text \<open>Up to sign the determinant is the product of the Vandermonde determinants of \<open>w\<close> on
  \<open>T\<close> and on its complement.  Instead of tracking that sign, compare \<open>T\<close> with the set where
  \<open>b \<in> T\<close> is exchanged for \<open>a \<notin> T\<close>: as a polynomial in the entries of columns \<open>a\<close> and \<open>b\<close>,
  the determinant vanishes at all other nodes of the same block.\<close>
lemma det_split_vandermonde_exchange:
  fixes w :: "nat \<Rightarrow> 'a::idom"
  assumes inj: "inj_on w {0..<2*n}" and T: "T \<subseteq> {0..<2*n}" "card T = n"
    and a: "a < 2*n" "a \<notin> T" and b: "b \<in> T"
  defines "R \<equiv> T - {b}" and "U \<equiv> {0..<2*n} - T - {a}"
  shows "- det (split_vandermonde n w (insert a R)) * (\<Prod>u\<in>U. w a - w u) * (\<Prod>r\<in>R. w b - w r)
       = det (split_vandermonde n w T) * (\<Prod>r\<in>R. w a - w r) * (\<Prod>u\<in>U. w b - w u)"
proof -
  define H where "H x y = det (split_vandermonde n (w(a := x, b := y)) T)" for x y
  have b2: "b < 2*n" and ab: "a \<noteq> b" using T a b by auto
  have fin: "finite T" using T(1) finite_subset by blast
  have "card ({0..<2*n} - T) = n" using T fin by (simp add: card_Diff_subset)
  then have card_U: "card U = n - 1" using a by (simp add: U_def)
  have card_R: "card R = n - 1" using b fin T(2) by (simp add: R_def)
  have x_form: "H x y * (\<Prod>u\<in>U. x' - w u) = H x' y * (\<Prod>u\<in>U. x - w u)" for x x' y
  proof -
    obtain C where C: "\<And>x. det (split_vandermonde n ((w(b := y))(a := x)) T) = (\<Sum>i<n. C i * x ^ i)"
      using det_split_vandermonde_column_poly[OF a(1), where w="w(b := y)"] by blast
    have H: "H x y = (\<Sum>i<n. C i * x ^ i)" for x
      unfolding H_def fun_upd_twist[OF ab] by (rule C)
    have "(\<Sum>i<n. C i * w u ^ i) = 0" if "u \<in> U" for u
      using that a b ab unfolding H[symmetric] H_def U_def
      by (intro split_vandermonde_identical_columns[of a n u]) auto
    then show ?thesis unfolding H
      by (intro power_sum_cross_mult) (use card_U inj in \<open>auto simp: U_def intro: inj_on_subset\<close>)
  qed
  have y_form: "H x y * (\<Prod>r\<in>R. y' - w r) = H x y' * (\<Prod>r\<in>R. y - w r)" for x y y'
  proof -
    obtain C where C: "\<And>y. det (split_vandermonde n ((w(a := x))(b := y)) T) = (\<Sum>i<n. C i * y ^ i)"
      using det_split_vandermonde_column_poly[OF b2, where w="w(a := x)"] by blast
    have H: "H x y = (\<Sum>i<n. C i * y ^ i)" for y
      by (simp add: H_def C)
    have "(\<Sum>i<n. C i * w r ^ i) = 0" if "r \<in> R" for r
      using that T(1) a b b2 ab unfolding H[symmetric] H_def R_def
      by (intro split_vandermonde_identical_columns[of b n r]) auto
    then show ?thesis unfolding H
      by (intro power_sum_cross_mult) (use card_R inj fin T(1) in \<open>auto simp: R_def intro: inj_on_subset\<close>)
  qed
  have "split_vandermonde n w (insert a R) = swapcols a b (split_vandermonde n (w(a := w b, b := w a)) T)"
    using a b b2 ab by (intro eq_matI) (auto simp: split_vandermonde_def R_def)
  then have "det (split_vandermonde n w (insert a R)) = - H (w b) (w a)"
    unfolding H_def by (simp add: det_swapcols[OF a(1) b2 ab split_vandermonde_carrier])
  moreover have "det (split_vandermonde n w T) = H (w a) (w b)"
    by (simp add: H_def)
  moreover have "H (w b) (w a) * (\<Prod>u\<in>U. w a - w u) * (\<Prod>r\<in>R. w b - w r)
      = H (w a) (w b) * (\<Prod>r\<in>R. w a - w r) * (\<Prod>u\<in>U. w b - w u)"
    using x_form[of "w b" "w a" "w a"] y_form[of "w a" "w a" "w b"] by (simp add: mult_ac)
  ultimately show ?thesis by simp
qed

section \<open>The roots of \<open>z\<^sup>2\<^sup>n = -1\<close>\<close>

definition zeta_int :: "nat \<Rightarrow> int \<Rightarrow> complex" where
  "zeta_int n j = cis ((2 * of_int j + 1) * pi / (2 * real n))"

definition eps_pow :: "nat \<Rightarrow> int \<Rightarrow> complex" where
  "eps_pow n m = cis (of_int m * pi / (2 * real n))"

definition ss_int :: "nat \<Rightarrow> int \<Rightarrow> real" where
  "ss_int n d = sin (of_int d * pi / (2 * real n))"

lemma zeta_conv_zeta_int: "zeta n (j + 1) = zeta_int n (int j)"
proof -
  have "eps_root n = cis (pi / (2 * real n))"
    by (simp add: eps_root_def cis_conv_exp mult.commute)
  moreover have "2 * (j + 1) - 1 = 2 * j + 1" by simp
  ultimately have "zeta n (j + 1) = cis (pi / (2 * real n)) ^ (2 * j + 1)"
    unfolding zeta_def by (simp only:)
  also have "\<dots> = zeta_int n (int j)"
    unfolding Complex.DeMoivre zeta_int_def by (rule arg_cong[where f = cis]) (simp add: field_simps)
  finally show ?thesis .
qed

lemma zeta_eq_Complex: "zeta n (j + 1) = Complex (cc n (2 * j + 1)) (ss n (2 * j + 1))"
  unfolding zeta_conv_zeta_int zeta_int_def cc_def ss_def cis.code by (simp add: add.commute)

lemma zeta_int_add_period:
  assumes "n > 0"
  shows "zeta_int n (j + 2 * int n * q) = zeta_int n j"
proof -
  have "(2 * of_int (j + 2 * int n * q) + 1) * pi / (2 * real n) = (2 * of_int j + 1) * pi / (2 * real n) + 2 * pi * of_int q"
    using assms by (simp add: field_simps)
  then show ?thesis
    by (simp add: zeta_int_def cis_mult[symmetric])
qed

lemma zeta_int_add_half_period:
  assumes "n > 0"
  shows "zeta_int n (j + int n) = - zeta_int n j"
proof -
  have "(2 * of_int (j + int n) + 1) * pi / (2 * real n) = (2 * of_int j + 1) * pi / (2 * real n) + pi"
    using assms by (simp add: field_simps)
  then show ?thesis
    by (simp add: zeta_int_def cis_mult[symmetric])
qed

lemma zeta_reflect:
  assumes "j < 2 * n"
  shows "zeta n (2 * n - 1 - j + 1) = cnj (zeta n (j + 1))"
proof -
  have "real (2 * (2 * n - 1 - j) + 1) * pi / (2 * real n) = 2 * pi - real (2 * j + 1) * pi / (2 * real n)"
    using assms by (simp add: of_nat_diff field_simps)
  then show ?thesis
    unfolding zeta_eq_Complex by (simp add: cc_def ss_def complex_eq_iff)
qed

lemma cis_diff: "cis A - cis B = 2 * \<i> * cis ((A + B) / 2) * of_real (sin ((A - B) / 2))"
proof -
  have "cis A - cis B = cis ((A + B) / 2) * (cis ((A - B) / 2) - cis (- ((A - B) / 2)))"
    by (simp add: right_diff_distrib cis_mult add_divide_distrib diff_divide_distrib)
  also have "cis ((A - B) / 2) - cis (- ((A - B) / 2)) = 2 * \<i> * of_real (sin ((A - B) / 2))"
    by (simp add: complex_eq_iff)
  finally show ?thesis by (simp add: mult_ac)
qed

lemma zeta_int_diff:
  assumes "n > 0"
  shows "zeta_int n p - zeta_int n j = 2 * \<i> * eps_pow n (p + j + 1) * of_real (ss_int n (p - j))"
proof -
  have eq: "((2 * of_int p + 1) * pi / (2 * real n) + (2 * of_int j + 1) * pi / (2 * real n)) / 2
      = of_int (p + j + 1) * pi / (2 * real n)"
    using assms by (simp add: field_simps)
  have eq': "((2 * of_int p + 1) * pi / (2 * real n) - (2 * of_int j + 1) * pi / (2 * real n)) / 2
      = of_int (p - j) * pi / (2 * real n)"
    using assms by (simp add: field_simps)
  show ?thesis
    unfolding zeta_int_def cis_diff eq eq' eps_pow_def ss_int_def by (rule refl)
qed

lemma eps_pow_add: "eps_pow n a * eps_pow n b = eps_pow n (a + b)"
  by (simp add: eps_pow_def cis_mult add_divide_distrib distrib_right)

lemma ss_int_nonzero:
  assumes "0 < \<bar>d\<bar>" "\<bar>d\<bar> < 2 * int n"
  shows "ss_int n d \<noteq> 0"
proof
  assume "ss_int n d = 0"
  then obtain i :: int where i: "of_int d * pi / (2 * real n) = of_int i * pi"
    unfolding ss_int_def sin_zero_iff_int2 by blast
  have "n > 0" using assms by auto
  then have "of_int d = (of_int (i * (2 * int n)) :: real)"
    using i by (simp add: field_simps)
  then have d: "d = i * (2 * int n)" by (simp only: of_int_eq_iff)
  show False
  proof (cases "i = 0")
    case True
    then show False using assms d by simp
  next
    case False
    then have "1 * (2 * int n) \<le> \<bar>i\<bar> * (2 * int n)"
      by (intro mult_right_mono) auto
    moreover have "\<bar>d\<bar> = \<bar>i\<bar> * (2 * int n)"
      using d by (simp add: abs_mult)
    ultimately show False using assms(2) by linarith
  qed
qed

lemma ss_int_uminus: "ss_int n (- d) = - ss_int n d"
  by (simp add: ss_int_def)

lemma ss_int_values:
  assumes "n > 0"
  shows "ss_int n 1 = sin (pi / (2 * real n))" "ss_int n (- 1) = - sin (pi / (2 * real n))"
    "ss_int n (int n) = 1" "ss_int n (- int n) = - 1"
  using assms by (simp_all add: ss_int_def)

lemma sin_pi_div_pos: "n > 0 \<Longrightarrow> 0 < sin (pi / (2 * real n))"
proof -
  assume n: "n > 0"
  have "pi / (2 * real n) \<le> pi / 2" using n by (intro divide_left_mono) auto
  moreover have "0 < pi / (2 * real n)" using n by simp
  ultimately show ?thesis using pi_gt_zero by (intro sin_gt_zero) linarith+
qed

lemma cc_antimono:
  assumes "n > 0" "l \<le> l'" "l' \<le> 2 * n"
  shows "cc n l' \<le> cc n l"
  unfolding cc_def using assms
  by (intro cos_monotone_0_pi_le) (auto simp: field_simps)

lemma cc_reflect: "l \<le> 2 * n \<Longrightarrow> n > 0 \<Longrightarrow> cc n (2 * n - l) = - cc n l"
proof -
  assume "l \<le> 2 * n" "n > 0"
  then have "real (2 * n - l) * pi / (2 * real n) = pi - real l * pi / (2 * real n)"
    by (simp add: of_nat_diff field_simps)
  then show ?thesis by (simp add: cc_def)
qed

lemma inj_on_zeta:
  assumes "n > 0"
  shows "inj_on (\<lambda>j. zeta n (j + 1)) {0..<2*n}"
proof (rule inj_onI)
  fix x y assume x: "x \<in> {0..<2*n}" and y: "y \<in> {0..<2*n}" and eq: "zeta n (x + 1) = zeta n (y + 1)"
  show "x = y"
  proof (rule ccontr)
    assume "x \<noteq> y"
    then have "ss_int n (int x - int y) \<noteq> 0"
      using x y by (intro ss_int_nonzero) auto
    then have "zeta_int n (int x) - zeta_int n (int y) \<noteq> 0"
      by (simp add: zeta_int_diff[OF assms] eps_pow_def)
    then show False
      using eq unfolding zeta_conv_zeta_int by simp
  qed
qed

========================================

• TASK TO CARRY OUT: The reply should hold only the lines of the listing above starting at the line containing "y * (\<Prod>r\<in>R." and ending at the line containing "(split_vandermonde n ((w(a", exactly as written.

• RESPONSE AREA:
  have y_form: "H x y * (\<Prod>r\<in>R. y' - w r) = H x y' * (\<Prod>r\<in>R. y - w r)" for x y y'
  proof -
    obtain C where C: "\<And>y. det (split_vandermonde n ((w(a := x))(b := y)) T) = (\<Sum>i<n. C i * y ^ i)"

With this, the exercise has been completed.